По редколесью, все ползком, по-пластунски, Саша преодолел метров сто пятьдесят, и куртка на брюхе, на груди, и армейские штаны на ногах вымокли так, будто он с разгону плюхнулся в море. Ну, да ладно, еще чуток, и он привстанет, выпрямится, желтые березы и красные осины там, впереди, жмутся друг к дружке потеснее, как пассажиры в набитом под завязку автобусе, в этой, с натяжкой, конечно, можно так сказать, чащобе он оторвется, наконец, от земли, и с высоты своего роста высмотрит то, что с земли не приметишь, то, зачем, собственно, и отправился в разведку – вызрела у командира задумка взять это маленькое, дворов на сорок, луганское сельцо, отобрать родимую кроху, нашу пядь, как пел Высоцкий, у врага. Разглядеть, где и как он, вражина, окопался, какие там «Грады» и минометы, в бинокль, конечно, можно, но плохо, мешает лесок, живым, зорким глазом все увидится гораздо лучше. И уже через минуту «Грек» стал охотником, который, затаясь, высматривает зверя. Фотографическая память накрепко все запоминала. Осторожно перемещаясь то к одному, то к другому просвету между стволами и кронами, он цепко схватывал глазами все, что могло пригодиться для будущей атаки. И уже собирался попятиться, сделать несколько шагов назад, после чего снова ляжет на мягкую листву, и прикоснется к земле мокрым брюхом, мокрыми коленками, мокрыми, уже слегка саднящими локтями, и по-пластунски отправится восвояси, как настороженным, чутким ухом услыхал – совсем недалеко, слева, кажется, от него хрустнула ветка. Саша резко обернулся и, вскинув автомат, увидел человека – с той, конечно, стороны. Доли мгновения хватило и тому, чтобы увидеть «Грека», и тоже вскинуть автомат, и они бы точно обменялись пулями в живот, а то и прошили бы друг друга короткими очередями, если бы не свершилось внезапное, точно молния сверкнула, узнавание:
– Санчес! – крикнул тот, под кем хрустнула ветка.
– Лешка! Ты?!
Нескольких секунд хватило, чтобы наступил черед крепких медвежьих объятий.

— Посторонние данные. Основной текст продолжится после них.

lemma mobius_cv_holomorphic: "mobius_cv c x holomorphic_on {z. cmod (x*z) < 1}"
  unfolding mobius_cv_def by (auto intro!: holomorphic_intros dest: one_plus_nonzero)

lemma tri_conj_residue_term:
  assumes "z \<noteq> 0" "1 + x*z \<noteq> 0" "c \<noteq> 0"
  shows "tri_conj (x*z) (msc (c/(1+x*z)^2) (msc (1 / mobius_cv c x z) (mk2 0 p q 0)))
     = msc (1/z) (mk2 0 p q 0) + msc (1/(1+x*z)) (residue_correction x z p q)"
proof -
  define e where "e = 1 + x*z"
  have "e \<noteq> 0" "x = (e - 1)/z" using assms by (simp_all add: e_def field_simps)
  then show ?thesis
    unfolding tri_conj_def residue_correction_def mobius_cv_def e_def[symmetric]
    by (simp add: msc_mk2 mk2_add mk2_eq_iff) (use assms in \<open>auto simp: field_simps power2_eq_square\<close>)
qed

text \<open>For the vacuum residue \<open>A0\<close> the correction is cancelled by \<open>G\<^sup>-\<^sup>1 dG\<close>: this is what
  determines the triangular gauge.\<close>
lemma residue_correction_vacuum:
  assumes "1 + x*z \<noteq> 0"
  shows "msc (1/(1+x*z)) (residue_correction x z (1/2) (1/2)) + tri_gauge_log_deriv x z = 0"
    (is "?lhs = 0")
proof -
  have n: "-2*x*(1/2) - x^2*z*(1/2+1/2) = -x*(1+x*z)" by (simp add: algebra_simps power2_eq_square)
  show ?thesis
  proof (rule cmat_eqI)
    show "?lhs $ 1 $ 2 = 0 $ 1 $ 2"
      unfolding residue_correction_def tri_gauge_log_deriv_def by (simp only: n mk2_nth msc_nth mk2_add) (simp add: assms)
  qed (use assms in \<open>simp_all add: residue_correction_def tri_gauge_log_deriv_def field_simps\<close>)
qed

lemma C2_on_rD: "C2_on rD {..<1/16}"
proof (rule C2_on_field_deriv[where f'="\<lambda>t. 2 / sqrt (1 - 16*t)" and f''="\<lambda>t. 16 / ((1 - 16*t) * sqrt (1 - 16*t))"])
  show "\<forall>t\<in>{..<1/16}. (rD has_field_derivative 2 / sqrt (1 - 16 * t)) (at t)"
  proof
    fix t :: real assume "t \<in> {..<1/16}"
    then have "0 < 1 - 16*t" by simp
    then have "((\<lambda>t. (1 - sqrt (1 - 16*t)) / 4) has_field_derivative
           (- (inverse (sqrt (1 - 16*t)) / 2 * (- 16))) / 4) (at t)"
      by (auto intro!: derivative_eq_intros)
    then show "(rD has_field_derivative 2 / sqrt (1 - 16 * t)) (at t)"
      by (simp add: rD_def[abs_def] field_simps)
  qed
  show "\<forall>t\<in>{..<1/16}. ((\<lambda>t. 2 / sqrt (1 - 16 * t)) has_field_derivative
          16 / ((1 - 16 * t) * sqrt (1 - 16 * t))) (at t)"
  proof
    fix t :: real assume "t \<in> {..<1/16}"
    then have p: "0 < 1 - 16*t" by simp
    then have "((\<lambda>t. 2 / sqrt (1 - 16 * t)) has_field_derivative
       (- (2 * (inverse (sqrt (1 - 16*t)) / 2 * (- 16))) / (sqrt (1 - 16*t))\<^sup>2)) (at t)"
      by (auto intro!: derivative_eq_intros)
    moreover have "(- (2 * (inverse (sqrt (1 - 16*t)) / 2 * (- 16))) / (sqrt (1 - 16*t))\<^sup>2)
        = 16 / ((1 - 16 * t) * sqrt (1 - 16 * t))"
      using p by (simp add: field_simps)
    ultimately show "((\<lambda>t. 2 / sqrt (1 - 16 * t)) has_field_derivative
          16 / ((1 - 16 * t) * sqrt (1 - 16 * t))) (at t)" by simp
  qed
  show "continuous_on {..<1/16} (\<lambda>t. 16 / ((1 - 16 * t) * sqrt (1 - 16 * t)))"
    by (intro continuous_intros) auto
qed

– Санчес!.. – изумился недавний враг и задал совершенно нелепый вопрос: – А что ты здесь делаешь?
– Леш, ты с луны свалился? Родину защищаю, вот что делаю! А ты?
– Приказ выполняю. Неужели забыл, что я военный человек?
Алексей швырнул автомат на мягкую осеннюю подстилку, сплошь и рядом в багрово-красных, точно пятна крови, осиновых листьях, рядышком приземлился и «калаш» Александра.
– Сядем, покурим?
– Отличная идея! Слушай, а мы сейчас могли бы отправиться на тот свет. Оба, одновременно. Мы ж с тобой и родились в один день, в одном году… Не забыл? – засмеялся Лешка.
– Редчайшее совпадение! Разве забудешь, – улыбнулся Саша. – Таких троюродных братьев, как мы с тобой, нет, наверное, на всем белом свете.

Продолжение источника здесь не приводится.